Insider Threats – CompTIA Network+ N10-006 – 3.2

Some of our largest security concerns aren’t necessarily on the outside of your network. In this video, you’ll learn about the scope of insider threats.
<< Previous: Compromised SystemsNext: Zero-day Attacks >>

If you were to look through the access and permissions that people have on your network, you may be surprised at what you see. We tend to give people a lot more access than they really need. Generally we’re doing that to avoid any type of security issue or permissions problem when people are trying to use the normal applications they use from day to day. But unfortunately we often don’t apply the concept of least privilege which means that we should only give people access to exactly the information they need, and no more.

It’s so easy to give people extra rights and permissions to avoid any type of support issue down the line. Sometimes you’ll walk into an organization and everyone is an administrator because it was just easier to give everyone administrator access. This effectively provides everybody with access to all of your data and certainly opens you up for some type of insider threat. We spend a lot of time creating security controls around our network.

We’ve also created a number of security controls around our physical buildings as well. Normally when you walk into an office building, there’s a receptionist, and that person will determine whether you’re able to go into the building or not. Sometimes it’s a security guard or somebody whose job it is to check to see if you are allowed into the building or not. Once you get inside the building, you have a lot more control than somebody who might be outside of the building. And that’s where insider threats are always going to be your largest concern is once people are inside.

Many organizations have some very specific policies and procedures. If you’re not at your desk, all of your documents should be off your desk and locked away. And when you leave at the end of the day, everything should be locked away. Some organizations have very tight security requirements, especially if you’re dealing with financial information, health care information, or some other sensitive data. If someone on the inside was to gain access to that data and then use it in some way or give it to someone outside of your organization, it can create a number of significant problems.

It would certainly harm the reputation of your organization and make you less trustworthy to your customers. Certainly the systems that you’re using would be disrupted while you’re trying to determine where did the information come from, how did someone get their hands on this data, where did the data go after it left your organization, and that can certainly create some problems for your normal processes. And of course, this information might be company confidential. It might have someone’s personal, private information on it, and it opens up a whole other level of response that has to be taken when this type of insider threat makes that information available to the world.

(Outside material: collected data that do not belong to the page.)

(* Let $P,p,\kappa\in\mathbb{C}\setminus\{0\}$ and let $\sum_{k\ge0}y^kA_k(x)$ be a formal solution of $(\ddagger)$ with all $A_k$ rational in $x$ and $A_0\not\equiv0$. Then $A_0\equiv q$ for some constant $q\in\mathbb{C}\setminus\{0\}$ (the general solution of the equation for $A_0$ being $q\exp(-3c/(2x^{2/3}))$), $A_1(x)\equiv\dfrac{8p^2(q^3-1)}{3P^2\kappa^2q}$, and for every $k\in\mathbb{N}$, $A_k$ is an even polynomial in $x$ of degree at most $2(N_k+1)$, where $N_k=\lfloor 2(k-1)/3\rfloor$. The coefficients of $x^{2m}$, $0\le m\le N_k$, in $A_k$ are uniquely determined by $q$ and the lower-order data, while the coefficient of $x^{2(N_k+1)}$ is zero when $k\equiv1\pmod 3$ and is an arbitrary complex constant otherwise. Moreover, $A_k$ satisfies the linear ODE $$P^{2k}\kappa^{2k}q^{2k-1}\Big(9x^2A_k''-3(8k-5)xA_k'+8k(2k-1)A_k\Big)=R_k(x),$$ where $R_k$ is an even polynomial in $x$ of degree at most $2N_k$ determined by $A_0,\dots,A_{k-1}$.
   Context: Fix $P,p,\kappa\in\mathbb{C}\setminus\{0\}$. Define the differential operator $$D=\frac{iP}{x^2y}\frac{\partial}{\partial y}-\Big(\frac{x}{2}+\frac{iP}{xy^2}\Big(1+\frac{\kappa^2(y^2-1)}{4(4y+\kappa^2(y-1)^2)}\Big)\Big)\frac{\partial}{\partial x},$$ and let $(\ddagger)$ be the PDE $$D^2\ln A=-\frac{p^2}{3x^4y^4\big(1+\kappa^2(y-1)^2/(4y)\big)}\Big(A-\frac{1}{A^2}\Big).$$ A series $\sum_ky^kA_k(x)$ with coefficients rational in $x$ is a formal solution if after substitution into $(\ddagger)$ (with $D^2\ln A=(A\,D^2A-(DA)^2)/A^2$, denominators cleared) and expansion in powers of $y$ all coefficients vanish identically. *)

theory Defs
  imports "HOL-Computational_Algebra.Computational_Algebra" "HOL-Computational_Algebra.Field_as_Ring"
begin

type_synonym ratfun = "complex poly fract"

definition rcst :: "complex \<Rightarrow> ratfun" where
  "rcst c = to_fract [:c:]"

definition rX :: ratfun where
  "rX = to_fract [:0, 1:]"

So how bad is this idea of insider threats? Is it really something that we need to be concerned about? Well, in 2014, there’s a US State of Cybercrime Survey that was done by CERT, the Computer Emergency Response Team at Carnegie Mellon. You can find a copy of this at the URL here. This study found that 28% of the attacks were caused by insiders.

We spend so much time worrying about someone from the outside attacking our network, and in reality, over a quarter of these incidents all happened on the inside. 32% said the damage from the insider attack was more damaging than if it had come from the outside. So how do you handle this situation? Interestingly enough in this same survey 75% of these incidents were handled without any specific legal action. Certainly the organizations took care of it internally.

It did not become a public event. And this is probably why you don’t hear about so many of these in the news, because organizations will immediately handle it privately and not take it to a public legal realm. This is why a lot of organizations will constantly audit the rights and permissions given to the users to make sure that nobody is getting access to information that they would not normally need, and to avoid any problems that occur because of these insider threats.